» TO DO: The response must be made up of the lines in the entries below that contain "auto".

^^^^

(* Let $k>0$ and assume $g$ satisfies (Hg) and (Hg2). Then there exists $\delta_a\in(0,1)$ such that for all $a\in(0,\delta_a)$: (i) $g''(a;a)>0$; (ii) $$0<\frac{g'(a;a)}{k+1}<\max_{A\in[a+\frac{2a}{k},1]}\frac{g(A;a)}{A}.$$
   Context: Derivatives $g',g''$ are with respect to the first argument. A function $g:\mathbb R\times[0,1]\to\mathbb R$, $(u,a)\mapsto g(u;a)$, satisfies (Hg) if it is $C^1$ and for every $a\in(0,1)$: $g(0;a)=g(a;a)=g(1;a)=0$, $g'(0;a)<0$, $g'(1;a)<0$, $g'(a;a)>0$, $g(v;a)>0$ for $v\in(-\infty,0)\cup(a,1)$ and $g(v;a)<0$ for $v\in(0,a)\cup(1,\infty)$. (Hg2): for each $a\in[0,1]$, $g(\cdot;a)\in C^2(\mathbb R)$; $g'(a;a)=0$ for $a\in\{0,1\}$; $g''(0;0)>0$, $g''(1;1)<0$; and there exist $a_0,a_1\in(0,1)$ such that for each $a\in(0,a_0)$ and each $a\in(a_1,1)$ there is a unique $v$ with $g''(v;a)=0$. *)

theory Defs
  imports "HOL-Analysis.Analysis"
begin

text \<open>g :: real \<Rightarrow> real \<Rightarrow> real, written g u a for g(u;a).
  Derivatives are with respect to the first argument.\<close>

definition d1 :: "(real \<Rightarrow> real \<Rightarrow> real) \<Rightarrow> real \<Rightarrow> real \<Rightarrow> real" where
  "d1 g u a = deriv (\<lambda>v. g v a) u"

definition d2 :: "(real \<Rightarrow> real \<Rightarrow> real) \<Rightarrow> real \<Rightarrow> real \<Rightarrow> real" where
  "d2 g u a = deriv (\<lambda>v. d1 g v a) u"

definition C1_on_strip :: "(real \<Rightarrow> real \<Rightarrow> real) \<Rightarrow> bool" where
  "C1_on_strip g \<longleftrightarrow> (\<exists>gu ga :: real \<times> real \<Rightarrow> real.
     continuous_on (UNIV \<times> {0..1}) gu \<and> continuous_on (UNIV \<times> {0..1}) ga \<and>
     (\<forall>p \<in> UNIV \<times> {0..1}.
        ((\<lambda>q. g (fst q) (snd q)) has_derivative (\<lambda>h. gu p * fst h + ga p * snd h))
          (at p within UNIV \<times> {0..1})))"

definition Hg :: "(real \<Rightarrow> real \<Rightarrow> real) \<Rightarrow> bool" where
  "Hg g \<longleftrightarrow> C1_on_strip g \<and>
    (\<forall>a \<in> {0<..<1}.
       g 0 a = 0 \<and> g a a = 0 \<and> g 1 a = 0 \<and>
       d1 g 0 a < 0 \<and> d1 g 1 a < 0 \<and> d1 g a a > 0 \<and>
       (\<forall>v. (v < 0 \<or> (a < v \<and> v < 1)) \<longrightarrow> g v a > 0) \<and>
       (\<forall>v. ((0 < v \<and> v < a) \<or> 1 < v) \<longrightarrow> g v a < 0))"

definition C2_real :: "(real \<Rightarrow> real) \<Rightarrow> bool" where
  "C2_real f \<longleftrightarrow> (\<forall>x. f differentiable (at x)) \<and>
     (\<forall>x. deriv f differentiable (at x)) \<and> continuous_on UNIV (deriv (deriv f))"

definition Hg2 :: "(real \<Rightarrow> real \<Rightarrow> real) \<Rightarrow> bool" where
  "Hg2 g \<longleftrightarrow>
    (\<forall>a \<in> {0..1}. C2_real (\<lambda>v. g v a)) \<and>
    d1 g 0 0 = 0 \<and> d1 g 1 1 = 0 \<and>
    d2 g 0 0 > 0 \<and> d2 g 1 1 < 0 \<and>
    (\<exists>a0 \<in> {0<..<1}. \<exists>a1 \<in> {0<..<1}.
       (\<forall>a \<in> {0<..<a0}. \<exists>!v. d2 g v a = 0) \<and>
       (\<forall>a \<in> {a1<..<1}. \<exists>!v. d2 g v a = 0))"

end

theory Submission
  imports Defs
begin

^^^^

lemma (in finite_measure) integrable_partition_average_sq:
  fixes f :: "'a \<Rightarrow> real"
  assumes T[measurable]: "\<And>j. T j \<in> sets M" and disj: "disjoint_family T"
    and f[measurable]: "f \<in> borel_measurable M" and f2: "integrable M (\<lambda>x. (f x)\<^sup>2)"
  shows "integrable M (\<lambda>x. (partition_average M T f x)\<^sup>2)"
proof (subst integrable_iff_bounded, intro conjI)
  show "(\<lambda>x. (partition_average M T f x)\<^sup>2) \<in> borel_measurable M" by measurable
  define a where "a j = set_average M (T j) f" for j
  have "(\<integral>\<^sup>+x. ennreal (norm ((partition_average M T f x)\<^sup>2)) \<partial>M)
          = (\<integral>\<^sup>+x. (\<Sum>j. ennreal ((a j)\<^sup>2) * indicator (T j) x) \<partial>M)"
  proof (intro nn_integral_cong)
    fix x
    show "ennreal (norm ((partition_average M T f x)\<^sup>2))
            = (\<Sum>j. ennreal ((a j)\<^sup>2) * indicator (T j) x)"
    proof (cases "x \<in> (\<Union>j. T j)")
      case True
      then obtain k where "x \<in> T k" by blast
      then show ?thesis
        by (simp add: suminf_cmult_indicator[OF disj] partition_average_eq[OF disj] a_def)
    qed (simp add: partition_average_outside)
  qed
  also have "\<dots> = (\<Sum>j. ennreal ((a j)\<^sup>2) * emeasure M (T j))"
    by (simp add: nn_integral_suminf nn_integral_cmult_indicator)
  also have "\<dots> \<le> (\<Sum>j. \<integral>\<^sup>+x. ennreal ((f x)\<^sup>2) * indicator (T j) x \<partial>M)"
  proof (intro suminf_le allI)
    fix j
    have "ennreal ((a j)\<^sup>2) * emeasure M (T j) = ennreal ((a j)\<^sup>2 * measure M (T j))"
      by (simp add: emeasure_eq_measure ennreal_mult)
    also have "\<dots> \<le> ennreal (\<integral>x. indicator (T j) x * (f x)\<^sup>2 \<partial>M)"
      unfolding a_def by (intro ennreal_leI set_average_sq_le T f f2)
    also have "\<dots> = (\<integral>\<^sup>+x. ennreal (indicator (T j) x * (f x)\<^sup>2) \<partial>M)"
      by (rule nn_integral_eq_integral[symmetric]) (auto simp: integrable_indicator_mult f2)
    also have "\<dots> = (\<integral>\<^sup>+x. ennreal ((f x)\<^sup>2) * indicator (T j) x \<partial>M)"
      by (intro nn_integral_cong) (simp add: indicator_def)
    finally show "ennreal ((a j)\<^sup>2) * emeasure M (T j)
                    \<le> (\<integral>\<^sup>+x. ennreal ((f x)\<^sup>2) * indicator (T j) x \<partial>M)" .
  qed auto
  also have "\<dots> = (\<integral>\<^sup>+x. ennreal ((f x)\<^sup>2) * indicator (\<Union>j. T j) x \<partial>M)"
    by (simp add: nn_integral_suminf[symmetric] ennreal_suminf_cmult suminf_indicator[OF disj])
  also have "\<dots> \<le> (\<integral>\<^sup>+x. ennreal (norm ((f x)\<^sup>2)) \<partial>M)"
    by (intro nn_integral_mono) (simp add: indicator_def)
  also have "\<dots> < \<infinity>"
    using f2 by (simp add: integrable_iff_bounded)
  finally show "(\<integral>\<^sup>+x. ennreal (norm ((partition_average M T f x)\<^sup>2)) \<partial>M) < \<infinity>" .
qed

^^^^

» ANSWER SECTION:
      by (rule nn_integral_eq_integral[symmetric]) (auto simp: integrable_indicator_mult f2)
  qed auto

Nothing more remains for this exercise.